--- Supplied material ---

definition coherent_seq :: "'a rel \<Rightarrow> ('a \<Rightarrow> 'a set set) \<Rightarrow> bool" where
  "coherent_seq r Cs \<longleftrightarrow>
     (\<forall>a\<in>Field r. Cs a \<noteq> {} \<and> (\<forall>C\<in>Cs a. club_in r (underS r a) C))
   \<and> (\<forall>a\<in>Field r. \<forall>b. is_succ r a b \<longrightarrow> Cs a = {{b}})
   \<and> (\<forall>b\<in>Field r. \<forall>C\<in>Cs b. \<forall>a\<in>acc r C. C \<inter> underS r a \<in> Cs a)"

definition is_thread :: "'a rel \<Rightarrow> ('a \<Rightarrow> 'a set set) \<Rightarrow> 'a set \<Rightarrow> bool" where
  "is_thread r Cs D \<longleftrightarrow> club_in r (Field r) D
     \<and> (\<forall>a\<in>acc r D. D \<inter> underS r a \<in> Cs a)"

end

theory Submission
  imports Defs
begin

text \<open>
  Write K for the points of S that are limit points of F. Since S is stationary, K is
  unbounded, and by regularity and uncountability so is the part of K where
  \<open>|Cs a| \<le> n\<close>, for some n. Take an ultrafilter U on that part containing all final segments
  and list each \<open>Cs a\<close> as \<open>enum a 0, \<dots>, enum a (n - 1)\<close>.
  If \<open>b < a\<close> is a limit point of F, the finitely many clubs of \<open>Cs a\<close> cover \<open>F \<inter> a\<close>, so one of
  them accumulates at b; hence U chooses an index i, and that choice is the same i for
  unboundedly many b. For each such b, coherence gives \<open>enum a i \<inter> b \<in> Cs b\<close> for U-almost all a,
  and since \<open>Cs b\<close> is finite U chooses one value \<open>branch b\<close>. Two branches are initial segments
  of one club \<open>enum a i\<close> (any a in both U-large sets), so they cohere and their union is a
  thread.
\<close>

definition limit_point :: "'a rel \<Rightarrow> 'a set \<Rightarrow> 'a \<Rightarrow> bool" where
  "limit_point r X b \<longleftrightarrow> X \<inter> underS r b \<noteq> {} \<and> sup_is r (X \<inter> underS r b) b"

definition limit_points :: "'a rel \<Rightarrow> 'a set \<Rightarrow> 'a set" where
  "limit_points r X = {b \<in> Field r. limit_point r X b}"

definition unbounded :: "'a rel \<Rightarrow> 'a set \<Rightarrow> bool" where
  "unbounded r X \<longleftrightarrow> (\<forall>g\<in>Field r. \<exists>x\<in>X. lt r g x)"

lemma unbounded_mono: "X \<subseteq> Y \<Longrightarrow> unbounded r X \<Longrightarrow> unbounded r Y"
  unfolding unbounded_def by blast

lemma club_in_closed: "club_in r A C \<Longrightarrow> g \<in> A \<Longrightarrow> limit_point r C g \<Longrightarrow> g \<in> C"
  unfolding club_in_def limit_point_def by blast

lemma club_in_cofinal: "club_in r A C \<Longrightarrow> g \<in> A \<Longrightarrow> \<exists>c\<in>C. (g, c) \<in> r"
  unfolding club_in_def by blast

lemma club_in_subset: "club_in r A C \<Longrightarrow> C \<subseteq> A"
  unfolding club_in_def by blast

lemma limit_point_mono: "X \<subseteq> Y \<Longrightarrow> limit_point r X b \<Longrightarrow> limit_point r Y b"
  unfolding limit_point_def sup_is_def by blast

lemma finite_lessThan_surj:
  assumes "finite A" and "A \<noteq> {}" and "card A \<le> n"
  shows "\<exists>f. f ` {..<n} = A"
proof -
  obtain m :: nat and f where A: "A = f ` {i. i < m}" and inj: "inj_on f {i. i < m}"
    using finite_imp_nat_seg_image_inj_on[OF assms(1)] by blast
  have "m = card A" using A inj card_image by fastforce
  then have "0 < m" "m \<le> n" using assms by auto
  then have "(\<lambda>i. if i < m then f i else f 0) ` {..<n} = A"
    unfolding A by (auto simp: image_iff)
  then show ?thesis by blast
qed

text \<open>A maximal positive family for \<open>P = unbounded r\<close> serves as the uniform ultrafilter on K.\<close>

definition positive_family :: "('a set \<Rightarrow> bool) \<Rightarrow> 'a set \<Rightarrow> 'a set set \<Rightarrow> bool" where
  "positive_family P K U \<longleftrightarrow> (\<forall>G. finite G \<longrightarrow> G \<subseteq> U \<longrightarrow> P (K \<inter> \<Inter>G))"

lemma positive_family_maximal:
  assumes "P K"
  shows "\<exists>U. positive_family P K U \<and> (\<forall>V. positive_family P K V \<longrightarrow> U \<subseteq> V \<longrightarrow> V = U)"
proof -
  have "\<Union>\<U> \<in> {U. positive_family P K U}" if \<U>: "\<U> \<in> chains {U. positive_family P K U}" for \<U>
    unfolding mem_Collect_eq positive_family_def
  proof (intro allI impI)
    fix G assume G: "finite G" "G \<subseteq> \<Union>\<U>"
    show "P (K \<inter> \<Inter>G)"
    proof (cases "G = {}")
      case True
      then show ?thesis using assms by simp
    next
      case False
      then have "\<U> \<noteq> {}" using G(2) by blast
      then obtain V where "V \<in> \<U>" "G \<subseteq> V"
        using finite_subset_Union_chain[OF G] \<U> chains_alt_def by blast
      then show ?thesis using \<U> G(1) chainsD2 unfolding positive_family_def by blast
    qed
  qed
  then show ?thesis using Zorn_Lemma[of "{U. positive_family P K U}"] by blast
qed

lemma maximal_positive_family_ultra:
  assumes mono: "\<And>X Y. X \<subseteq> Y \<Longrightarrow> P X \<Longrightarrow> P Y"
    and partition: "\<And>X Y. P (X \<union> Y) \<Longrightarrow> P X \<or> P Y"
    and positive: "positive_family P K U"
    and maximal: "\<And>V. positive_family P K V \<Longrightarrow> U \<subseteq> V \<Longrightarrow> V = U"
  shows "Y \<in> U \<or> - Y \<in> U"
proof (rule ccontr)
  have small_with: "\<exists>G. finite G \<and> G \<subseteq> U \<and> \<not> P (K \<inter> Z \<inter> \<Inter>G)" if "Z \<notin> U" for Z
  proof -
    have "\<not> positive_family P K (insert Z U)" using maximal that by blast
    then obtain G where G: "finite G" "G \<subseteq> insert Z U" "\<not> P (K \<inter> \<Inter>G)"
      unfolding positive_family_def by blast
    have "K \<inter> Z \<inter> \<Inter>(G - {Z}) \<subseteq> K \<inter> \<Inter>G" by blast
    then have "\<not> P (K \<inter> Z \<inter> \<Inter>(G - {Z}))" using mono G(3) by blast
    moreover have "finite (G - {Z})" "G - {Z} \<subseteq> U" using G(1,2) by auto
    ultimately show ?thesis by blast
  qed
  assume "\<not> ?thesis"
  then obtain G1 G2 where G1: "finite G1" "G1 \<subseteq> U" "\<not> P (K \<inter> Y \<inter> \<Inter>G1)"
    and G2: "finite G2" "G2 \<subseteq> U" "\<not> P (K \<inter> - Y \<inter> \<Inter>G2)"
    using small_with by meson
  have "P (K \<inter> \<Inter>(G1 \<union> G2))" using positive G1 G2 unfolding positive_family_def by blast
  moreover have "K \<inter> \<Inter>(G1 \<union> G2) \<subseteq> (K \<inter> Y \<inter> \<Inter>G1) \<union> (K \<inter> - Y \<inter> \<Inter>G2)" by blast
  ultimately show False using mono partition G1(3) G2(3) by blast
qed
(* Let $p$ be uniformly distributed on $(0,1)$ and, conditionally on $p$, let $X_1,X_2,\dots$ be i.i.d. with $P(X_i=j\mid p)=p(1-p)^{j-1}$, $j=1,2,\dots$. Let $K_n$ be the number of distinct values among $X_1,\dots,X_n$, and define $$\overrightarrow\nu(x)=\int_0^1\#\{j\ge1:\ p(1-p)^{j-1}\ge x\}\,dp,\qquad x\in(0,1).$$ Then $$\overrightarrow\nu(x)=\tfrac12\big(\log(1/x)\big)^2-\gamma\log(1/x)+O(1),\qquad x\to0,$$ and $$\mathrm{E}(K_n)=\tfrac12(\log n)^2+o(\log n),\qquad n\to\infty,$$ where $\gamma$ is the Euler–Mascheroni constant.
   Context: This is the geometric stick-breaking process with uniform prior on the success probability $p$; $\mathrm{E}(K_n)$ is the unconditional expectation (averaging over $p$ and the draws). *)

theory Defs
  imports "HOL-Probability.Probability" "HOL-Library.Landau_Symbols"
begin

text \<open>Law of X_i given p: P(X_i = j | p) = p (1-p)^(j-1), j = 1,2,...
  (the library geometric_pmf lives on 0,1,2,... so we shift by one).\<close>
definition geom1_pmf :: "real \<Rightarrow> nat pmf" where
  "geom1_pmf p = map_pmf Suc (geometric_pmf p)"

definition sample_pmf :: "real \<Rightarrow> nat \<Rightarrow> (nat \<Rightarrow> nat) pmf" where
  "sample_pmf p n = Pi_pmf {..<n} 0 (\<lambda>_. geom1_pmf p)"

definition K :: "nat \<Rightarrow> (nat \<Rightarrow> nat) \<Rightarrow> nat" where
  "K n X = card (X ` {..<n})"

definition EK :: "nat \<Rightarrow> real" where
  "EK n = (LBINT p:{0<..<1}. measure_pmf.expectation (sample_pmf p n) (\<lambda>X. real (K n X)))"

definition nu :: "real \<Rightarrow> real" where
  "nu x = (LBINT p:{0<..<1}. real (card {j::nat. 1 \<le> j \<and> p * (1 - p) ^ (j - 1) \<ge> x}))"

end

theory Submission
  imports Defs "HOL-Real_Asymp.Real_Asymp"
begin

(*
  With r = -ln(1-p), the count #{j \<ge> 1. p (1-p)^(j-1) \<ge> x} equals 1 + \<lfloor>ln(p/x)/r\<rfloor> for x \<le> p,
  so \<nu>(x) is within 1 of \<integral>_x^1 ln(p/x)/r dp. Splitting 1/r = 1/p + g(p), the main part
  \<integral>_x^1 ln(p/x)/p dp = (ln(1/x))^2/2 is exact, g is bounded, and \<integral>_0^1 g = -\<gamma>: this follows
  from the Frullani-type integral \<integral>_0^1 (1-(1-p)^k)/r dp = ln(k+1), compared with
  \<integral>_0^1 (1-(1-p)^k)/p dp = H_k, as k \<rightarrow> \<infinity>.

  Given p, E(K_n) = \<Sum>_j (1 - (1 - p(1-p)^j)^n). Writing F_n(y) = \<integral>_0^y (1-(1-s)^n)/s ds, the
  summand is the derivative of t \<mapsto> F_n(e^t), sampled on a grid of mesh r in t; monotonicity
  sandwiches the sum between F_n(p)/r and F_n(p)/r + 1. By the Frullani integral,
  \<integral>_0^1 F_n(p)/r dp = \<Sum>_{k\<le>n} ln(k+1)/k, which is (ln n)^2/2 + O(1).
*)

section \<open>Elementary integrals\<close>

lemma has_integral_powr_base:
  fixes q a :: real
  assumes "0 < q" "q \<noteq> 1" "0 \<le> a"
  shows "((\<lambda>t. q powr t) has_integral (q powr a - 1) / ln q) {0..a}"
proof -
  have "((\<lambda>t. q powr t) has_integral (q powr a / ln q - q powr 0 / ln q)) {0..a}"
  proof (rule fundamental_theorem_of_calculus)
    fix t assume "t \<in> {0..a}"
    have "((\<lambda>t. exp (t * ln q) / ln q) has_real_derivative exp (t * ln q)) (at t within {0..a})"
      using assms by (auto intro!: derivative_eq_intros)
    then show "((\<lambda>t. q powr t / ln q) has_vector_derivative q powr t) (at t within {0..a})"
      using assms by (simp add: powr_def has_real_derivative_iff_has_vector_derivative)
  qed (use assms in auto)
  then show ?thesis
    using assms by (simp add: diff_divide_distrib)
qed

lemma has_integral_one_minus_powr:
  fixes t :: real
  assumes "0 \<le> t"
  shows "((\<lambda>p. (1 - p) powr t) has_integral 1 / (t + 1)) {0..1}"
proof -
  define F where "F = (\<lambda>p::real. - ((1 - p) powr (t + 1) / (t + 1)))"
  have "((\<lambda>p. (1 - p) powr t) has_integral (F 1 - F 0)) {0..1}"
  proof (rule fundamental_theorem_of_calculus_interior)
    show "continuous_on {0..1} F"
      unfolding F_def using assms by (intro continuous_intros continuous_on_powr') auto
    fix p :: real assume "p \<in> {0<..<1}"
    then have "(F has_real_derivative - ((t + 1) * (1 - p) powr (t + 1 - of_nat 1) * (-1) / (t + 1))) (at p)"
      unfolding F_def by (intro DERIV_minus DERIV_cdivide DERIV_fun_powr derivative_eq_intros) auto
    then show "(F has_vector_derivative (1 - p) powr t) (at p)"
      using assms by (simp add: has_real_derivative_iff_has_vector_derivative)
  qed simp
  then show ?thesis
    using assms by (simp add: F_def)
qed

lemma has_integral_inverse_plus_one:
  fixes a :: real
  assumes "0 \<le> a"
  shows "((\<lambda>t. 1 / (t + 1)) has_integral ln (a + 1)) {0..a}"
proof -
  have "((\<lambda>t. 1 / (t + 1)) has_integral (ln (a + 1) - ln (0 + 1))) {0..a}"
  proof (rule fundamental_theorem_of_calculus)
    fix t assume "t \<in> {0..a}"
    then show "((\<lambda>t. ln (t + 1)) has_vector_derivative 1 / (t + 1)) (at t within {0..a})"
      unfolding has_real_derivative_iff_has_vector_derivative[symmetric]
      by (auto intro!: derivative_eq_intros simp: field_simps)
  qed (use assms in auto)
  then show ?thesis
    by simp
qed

---

• What is required: Repeat the entries above verbatim, but only from the line that has "G(2) by blast" down to the line that has "U \<or> - Y \<in>", inclusive.

• Answer to the exercise:
      then have "\<U> \<noteq> {}" using G(2) by blast
      then obtain V where "V \<in> \<U>" "G \<subseteq> V"
        using finite_subset_Union_chain[OF G] \<U> chains_alt_def by blast
      then show ?thesis using \<U> G(1) chainsD2 unfolding positive_family_def by blast
    qed
  qed
  then show ?thesis using Zorn_Lemma[of "{U. positive_family P K U}"] by blast
qed

lemma maximal_positive_family_ultra:
  assumes mono: "\<And>X Y. X \<subseteq> Y \<Longrightarrow> P X \<Longrightarrow> P Y"
    and partition: "\<And>X Y. P (X \<union> Y) \<Longrightarrow> P X \<or> P Y"
    and positive: "positive_family P K U"
    and maximal: "\<And>V. positive_family P K V \<Longrightarrow> U \<subseteq> V \<Longrightarrow> V = U"
  shows "Y \<in> U \<or> - Y \<in> U"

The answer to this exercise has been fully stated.